At EisphorIA, we have developed a product – CleanMyDoc – that supports very efficiently the pseudonymisation process with a high accuracy rate and security level. It can be particularly helpful in due diligence processes or other similar situations.
Now, pseudonymisation is also a regulatory concern
If pseudonymisation (or, but not treated here, anonymisation) has always been top of mind for confidentiality purposes, its importance has significantly increased with the emergence/reinforcement of the regulatory landscape on privacy. As we all know, failure in the pseudonymisation process now leads to compliance breaches, which can severely impact an organization both from a financial and reputation point of view.

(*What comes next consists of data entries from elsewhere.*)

lemma strongly_convex_gradient_lower_bound:
  fixes f :: "'a::real_inner \<Rightarrow> real" and P :: "'a \<Rightarrow> 'b::real_inner"
  assumes P: "linear P" and gd: "\<And>y. GDERIV f y :> g y"
    and cv: "convex_on UNIV (\<lambda>y. f y - \<mu> / 2 * (norm (P y))\<^sup>2)"
  shows "f z \<ge> f x + g x \<bullet> (z - x) + \<mu> / 2 * (norm (P (z - x)))\<^sup>2"
proof -
  define d where "d = z - x"
  define A where "A = (norm (P x))\<^sup>2"
  define B where "B = P x \<bullet> P d"
  define C where "C = (norm (P d))\<^sup>2"
  define \<psi> where "\<psi> = (\<lambda>t. f (x + t *\<^sub>R d) - \<mu> / 2 * (A + 2 * t * B + t\<^sup>2 * C))"
  have \<psi>_eq: "\<psi> t = f (x + t *\<^sub>R d) - \<mu> / 2 * (norm (P (x + t *\<^sub>R d)))\<^sup>2" for t
    unfolding \<psi>_def A_def B_def C_def linear_add[OF P] linear_scale[OF P] norm_add_scaleR_power2 ..
  have "convex_on UNIV \<psi>"
  proof (rule convex_onI)
    fix s a b :: real assume s: "0 < s" "s < 1"
    have "x + ((1 - s) *\<^sub>R a + s *\<^sub>R b) *\<^sub>R d = (1 - s) *\<^sub>R (x + a *\<^sub>R d) + s *\<^sub>R (x + b *\<^sub>R d)"
      by (simp add: algebra_simps)
    then show "\<psi> ((1 - s) *\<^sub>R a + s *\<^sub>R b) \<le> (1 - s) * \<psi> a + s * \<psi> b"
      unfolding \<psi>_eq using convex_onD[OF cv, of s "x + a *\<^sub>R d" "x + b *\<^sub>R d"] s by simp
  qed simp
  moreover have "(\<psi> has_real_derivative (g x \<bullet> d - \<mu> * B)) (at 0)"
  proof -
    have "((\<lambda>t. f (x + t *\<^sub>R d)) has_real_derivative (g (x + 0 *\<^sub>R d) \<bullet> d)) (at 0)"
      by (rule has_real_derivative_along_line) (rule gd)
    then show ?thesis
      unfolding \<psi>_def by (auto intro!: derivative_eq_intros)
  qed
  ultimately have "(g x \<bullet> d - \<mu> * B) * (1 - 0) \<le> \<psi> 1 - \<psi> 0"
    by (intro convex_on_imp_above_tangent) (auto simp: has_field_derivative_at_within)
  then show ?thesis
    unfolding \<psi>_def C_def d_def by (simp add: algebra_simps)
qed

lemma quadratic_bounded_below:
  fixes k :: real
  assumes "k > 0"
  shows "c - b\<^sup>2 / (4 * k) \<le> c - b * t + k * t\<^sup>2"
proof -
  have "0 \<le> k * (t - b / (2 * k))\<^sup>2" using assms by simp
  also have "k * (t - b / (2 * k))\<^sup>2 = k * t\<^sup>2 - b * t + b\<^sup>2 / (4 * k)"
    using assms by (simp add: power2_eq_square field_simps)
  finally show ?thesis by simp
qed

lemma quadratic_sublevel_bounded:
  fixes k t :: real
  assumes k: "k > 0" and le: "c - b * t + k * t\<^sup>2 \<le> a"
  shows "t \<le> max 1 ((\<bar>b\<bar> + \<bar>a - c\<bar>) / k)"
proof (rule ccontr)
  assume "\<not> ?thesis"
  then have t1: "1 < t" and t2: "(\<bar>b\<bar> + \<bar>a - c\<bar>) / k < t" by auto
  have "b * t \<le> \<bar>b\<bar> * t" and "a - c \<le> \<bar>a - c\<bar> * t"
    using t1 by (auto intro: mult_right_mono order_trans[OF abs_ge_self] simp: mult_le_cancel_left1)
  with le have "(k * t) * t \<le> (\<bar>b\<bar> + \<bar>a - c\<bar>) * t"
    by (simp add: power2_eq_square algebra_simps)
  then have "k * t \<le> \<bar>b\<bar> + \<bar>a - c\<bar>" using t1 by simp
  then show False using t2 k by (simp add: pos_divide_less_eq mult.commute)
qed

This explains, as raised by ENISA in its November 2019 Pseudonymisation techniques and best practices Paper, that “in the light of GDPR, the challenge of proper application of pseudonymisation to personal data is gradually becoming a highly debated topic in many different communities”.
Pseudonymisation process should hence be carefully undertaken, satisfying a 3-levels requirements: (1) degree of robustness/accuracy necessary for answering adequately to privacy, (2) degree of utility necessary for processing and understanding the data and (3) degree of security necessary for limiting risks of re-identification. Such a process may obviously differ from a context to another (the specific importance spectrum of each requirement listed above varies in function of circumstances).

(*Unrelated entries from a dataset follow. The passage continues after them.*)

(* Let $\mathcal{P}$ be a unital partition of the cyclic group $G=\mu_m$ and let $d,d'$ be divisors of $m$. Then $\mathcal{P}_d\cap\mathcal{P}_{d'}\neq\emptyset$ if and only if $\mathcal{P}_d=\mathcal{P}_{d'}$.
   Context: A unital partition of a finite commutative group $G$ is a partition $G=\{1\}\sqcup A_0\sqcup\dots\sqcup A_s$ such that, with $a_i=\sum_{x\in A_i}x\in\mathbb{Z}[G]$, the $\mathbb{Z}$-span of $1$ and the $a_i$ is closed under multiplication in $\mathbb{Z}[G]$. For $d\mid m$, $\mathcal{P}_d$ is the set of members of $\mathcal{P}$ containing an element of order exactly $d$. *)

theory Defs
  imports Main "HOL-Library.Disjoint_Sets"
begin

text \<open>The cyclic group mu_m is modelled (additively) as Z/mZ with carrier {0..<m},
  identity 0 and operation (a + b) mod m.  Elements of the group ring Z[G] are
  functions nat => int (supported on {0..<m}); the element x of G corresponds to
  the indicator of {x}.\<close>

definition cyc_order :: "nat \<Rightarrow> nat \<Rightarrow> nat" where
  "cyc_order m x = (LEAST n. 0 < n \<and> (n * x) mod m = 0)"

definition grp_ring_mult :: "nat \<Rightarrow> (nat \<Rightarrow> int) \<Rightarrow> (nat \<Rightarrow> int) \<Rightarrow> nat \<Rightarrow> int" where
  "grp_ring_mult m f g x =
     (\<Sum>a<m. \<Sum>b<m. if (a + b) mod m = x then f a * g b else 0)"

definition block_span :: "nat set set \<Rightarrow> (nat \<Rightarrow> int) set" where
  "block_span P = {f. \<exists>c :: nat set \<Rightarrow> int. f = (\<lambda>x. \<Sum>B\<in>P. c B * (if x \<in> B then 1 else 0))}"

definition unital_partition :: "nat \<Rightarrow> nat set set \<Rightarrow> bool" where
  "unital_partition m P \<longleftrightarrow>
     partition_on {0..<m} P \<and> {0} \<in> P \<and>
     (\<forall>f\<in>block_span P. \<forall>g\<in>block_span P. grp_ring_mult m f g \<in> block_span P)"

definition blocks_of_order :: "nat \<Rightarrow> nat set set \<Rightarrow> nat \<Rightarrow> nat set set" where
  "blocks_of_order m P d = {B \<in> P. \<exists>x\<in>B. cyc_order m x = d}"

end

theory Submission
  imports Defs "HOL-Computational_Algebra.Polynomial" "HOL-Computational_Algebra.Primes"
    "HOL-Number_Theory.Cong"
begin

(*
  The key input is Schur's multiplier theorem: for every unit k of Z/mZ and every
  block B of P, the dilated set kB is a union of blocks.  For a prime multiplier p
  this follows by comparing, in the group ring, the p-th power of the block sum a_B
  with the sum over pB: by the freshman's dream they agree modulo p, and powers of
  a_B stay in the span of the block sums, hence are constant on blocks.  The group
  ring is reached from int polynomials through the ring homomorphism reducing
  exponents mod m.  General units are products of primes coprime to m.

  Elements of Z/mZ of equal order are related by a unit, and units preserve orders.
  So if a block B contains elements x, y of orders d, d' and a block C contains z of
  order d, pick a unit k with kz = x: then kC meets B, hence contains y, and the
  preimage of y in C has order d'.  The converse direction only needs that every
  divisor of m occurs as an order.
*)

section \<open>Orders and units in \<open>\<int>/m\<int>\<close>\<close>

lemma cyc_order_eq:
  fixes m x :: nat
  assumes m: "0 < m"
  shows "cyc_order m x = m div gcd x m"
proof -
  define g where "g = gcd x m"
  have g0: "g > 0" using m g_def by simp
  obtain m' where m': "m = g * m'" using g_def by (metis gcd_dvd2 dvdE)
  obtain x' where x': "x = g * x'" using g_def by (metis gcd_dvd1 dvdE)
  have cop: "coprime x' m'"
    using div_gcd_coprime[of x m] m unfolding g_def[symmetric] using m' x' g0 by simp
  have kills: "(n * x) mod m = 0 \<longleftrightarrow> m' dvd n" for n
  proof -
    have "(n * x) mod m = 0 \<longleftrightarrow> g * m' dvd g * (n * x')"
      using m' x' by (simp add: ac_simps dvd_eq_mod_eq_0[symmetric])
    also have "\<dots> \<longleftrightarrow> m' dvd n * x'" using g0 by simp
    also have "\<dots> \<longleftrightarrow> m' dvd n" using cop by (simp add: coprime_dvd_mult_left_iff coprime_commute)
    finally show ?thesis .
  qed
  have "cyc_order m x = m'"
    unfolding cyc_order_def
  proof (rule Least_equality)
    have "0 < m'" using m m' by simp
    then show "0 < m' \<and> m' * x mod m = 0" using kills[of m'] by simp
  qed (use kills in \<open>auto dest: dvd_imp_le\<close>)
  moreover have "m div g = m'" using m' g0 by simp
  ultimately show ?thesis by (simp add: g_def)
qed

lemma cyc_order_mult_unit:
  assumes m: "0 < m" and k: "coprime k m"
  shows "cyc_order m (k * w mod m) = cyc_order m w"
proof -
  have "gcd (k * w mod m) m = gcd w m"
    using m k by (simp add: gcd_mod_left gcd_mult_left_left_cancel coprime_commute)
  then show ?thesis by (simp add: cyc_order_eq[OF m])
qed

lemma cyc_order_divisor:
  assumes m: "0 < m" and d: "d dvd m"
  shows "cyc_order m (m div d mod m) = d"
proof -
  obtain q where q: "m = d * q" using d by (auto elim: dvdE)
  then have "q > 0" "d > 0" using m by auto
  then have "m div d = q" "gcd (q mod m) m = q" "m div q = d" using q m by (simp_all add: gcd_mod_left)
  then show ?thesis by (simp add: cyc_order_eq[OF m])
qed

lemma coprime_by_primes:
  fixes a b :: nat
  assumes "\<And>p. prime p \<Longrightarrow> p dvd a \<Longrightarrow> p dvd b \<Longrightarrow> False"
  shows "coprime a b"
proof (rule coprimeI)
  fix c assume c: "c dvd a" "c dvd b"
  show "is_unit c"
  proof (rule ccontr)
    assume "\<not> is_unit c"
    then obtain p where "prime p" "p dvd c" using prime_factor_nat by auto
    then show False using assms c by (meson dvd_trans)
  qed
qed

text \<open>Every unit \<open>k0\<close> modulo \<open>d\<close> has a representative that is a unit modulo \<open>m\<close>:
  add to it \<open>d\<close> times the product of the primes of \<open>m\<close> that do not divide \<open>k0\<close>.\<close>

lemma unit_lift:
  fixes d m k0 :: nat
  assumes m: "0 < m" and k0: "coprime k0 d"
  shows "\<exists>k. [k = k0] (mod d) \<and> coprime k m"
proof -
  define S where "S = {p. prime p \<and> p dvd m \<and> \<not> p dvd k0}"
  have finS: "finite S" unfolding S_def using m
    by (rule_tac finite_subset[of _ "{..m}"]) (auto dest: dvd_imp_le)
  define t where "t = \<Prod>S"
  have prime_dvd_t: "p dvd t \<longleftrightarrow> p \<in> S" if p: "prime p" for p
  proof
    assume "p dvd t"
    then obtain q where "q \<in> S" "p dvd q"
      unfolding t_def using prime_dvd_prod_iff[OF finS p, of id] by auto
    moreover from this have "p = q" using p by (simp add: S_def primes_dvd_imp_eq)
    ultimately show "p \<in> S" by simp
  next
    assume "p \<in> S"
    then show "p dvd t" unfolding t_def using dvd_prodI[OF finS, of p "\<lambda>x. x"] by simp
  qed
  define k where "k = k0 + d * t"
  have "coprime k m"
  proof (rule coprime_by_primes)
    fix p assume p: "prime p" "p dvd k" "p dvd m"
    show False
    proof (cases "p dvd k0")
      case True
      then have "\<not> p dvd d" using k0 p(1) by (metis coprime_common_divisor_nat not_prime_1)
      then have "p dvd t" using True p by (simp add: k_def dvd_add_right_iff prime_dvd_mult_iff)
      then show False using True prime_dvd_t[OF p(1)] by (simp add: S_def)
    next
      case False
      then have "p dvd t" using p prime_dvd_t[OF p(1)] by (simp add: S_def)
      then show False using False p(2) by (simp add: k_def dvd_add_left_iff)
    qed
  qed
  moreover have "[k = k0] (mod d)" by (simp add: k_def cong_def)
  ultimately show ?thesis by blast
qed

text \<open>Elements of \<open>\<int>/m\<int>\<close> of the same order are related by a unit: writing
  \<open>x = g x'\<close>, \<open>z = g z'\<close>, \<open>m = g d\<close> with \<open>x', z'\<close> units mod \<open>d\<close>, lift \<open>x' / z'\<close>
  to a unit mod \<open>m\<close>.\<close>

lemma same_order_unit:
  fixes m x z :: nat
  assumes m: "0 < m" and x: "x < m" and z: "z < m"
    and same_order: "cyc_order m x = cyc_order m z"
  shows "\<exists>k. coprime k m \<and> k * z mod m = x"
proof -
  define g where "g = gcd x m"
  define d where "d = m div g"
  have g0: "g > 0" using m g_def by simp
  have md: "m = g * d" using g_def d_def by simp
  have "m div gcd z m = d" using same_order by (simp add: cyc_order_eq[OF m] d_def g_def)
  then have "gcd z m * d = g * d" using md by (metis dvd_mult_div_cancel gcd_dvd2)
  moreover have "d > 0" using md m by simp
  ultimately have gz: "gcd z m = g" by simp
  obtain x' where x': "x = g * x'" using g_def by (metis gcd_dvd1 dvdE)
  obtain z' where z': "z = g * z'" using gz by (metis gcd_dvd1 dvdE)
  have x'_unit: "coprime x' d"
    using div_gcd_coprime[of x m] m unfolding g_def[symmetric] using md x' g0 by simp
  have "coprime z' d"
    using div_gcd_coprime[of z m] m unfolding gz using md z' g0 by simp
  then obtain u where u: "[z' * u = 1] (mod d)" using cong_solve_coprime_nat by auto
  then have "coprime u d" using coprime_iff_invertible_nat[of u d] by (auto simp: mult.commute)
  then have "coprime (u * x') d" using x'_unit by simp
  then obtain k where k: "[k = u * x'] (mod d)" "coprime k m"
    using unit_lift[OF m] by blast
  have "[k * z' = u * x' * z'] (mod d)" using k(1) by (rule cong_scalar_right)
  also have "[u * x' * z' = x' * (z' * u)] (mod d)" by (simp add: ac_simps)
  also have "[x' * (z' * u) = x' * 1] (mod d)" using u by (rule cong_scalar_left)
  finally have "k * z' mod d = x' mod d" by (simp add: cong_def)
  then have "k * z mod m = x mod m" using x' z' md by (simp add: ac_simps mod_mult_mult1)
  then show ?thesis using k x by auto
qed

definition mult_set :: "nat \<Rightarrow> nat \<Rightarrow> nat set \<Rightarrow> nat set" where
  "mult_set m k S = (\<lambda>x. k * x mod m) ` S"

lemma mult_set_mult: "mult_set m (p * k) S = mult_set m p (mult_set m k S)"
proof -
  have "p * k * x mod m = p * (k * x mod m) mod m" for x
    by (simp add: mod_mult_right_eq mult.assoc)
  then show ?thesis unfolding mult_set_def by (auto simp: image_image)
qed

Technology as a true helper
Without surprise, adequate technology – i.e. solutions that efficiently responds to the 3-levels requirements of accuracy, utility and security – is a true helper here.
Indeed, it is hardly imaginable that pseudonymisation is still undertaken manually, not solely because of the massive amount of documents to be processed but also because of the high risk of errors such manual review would incur. In other words, in addition to time and energy costs, a manual pseudonymisation does not give sufficient guarantees as regards to the 3-levels requirements.
Technology is hence an essential relay. And the good news is that the algorithms developed are more and more powerful in terms of accuracy, usability and security. State-of-the art algorithms imply (1) an automated recognition of name, location, register numbers, organizations, emails, IP addresses, etc…, (2) coherence in the pseudonymisation processing both in specific document and in the whole data set and (3) capacity of adaptation as regards to clients’ preferred pseudonymisation approaches and policies.
To quote the ENISA Paper, the new-gen algorithms respond adequately to the recommendation that the implementation of pseudonymisation process follows “a risk-based approach, taking into account the purpose and overall context of the personal data processing, as well as the utility and scalability levels they wish to achieve”.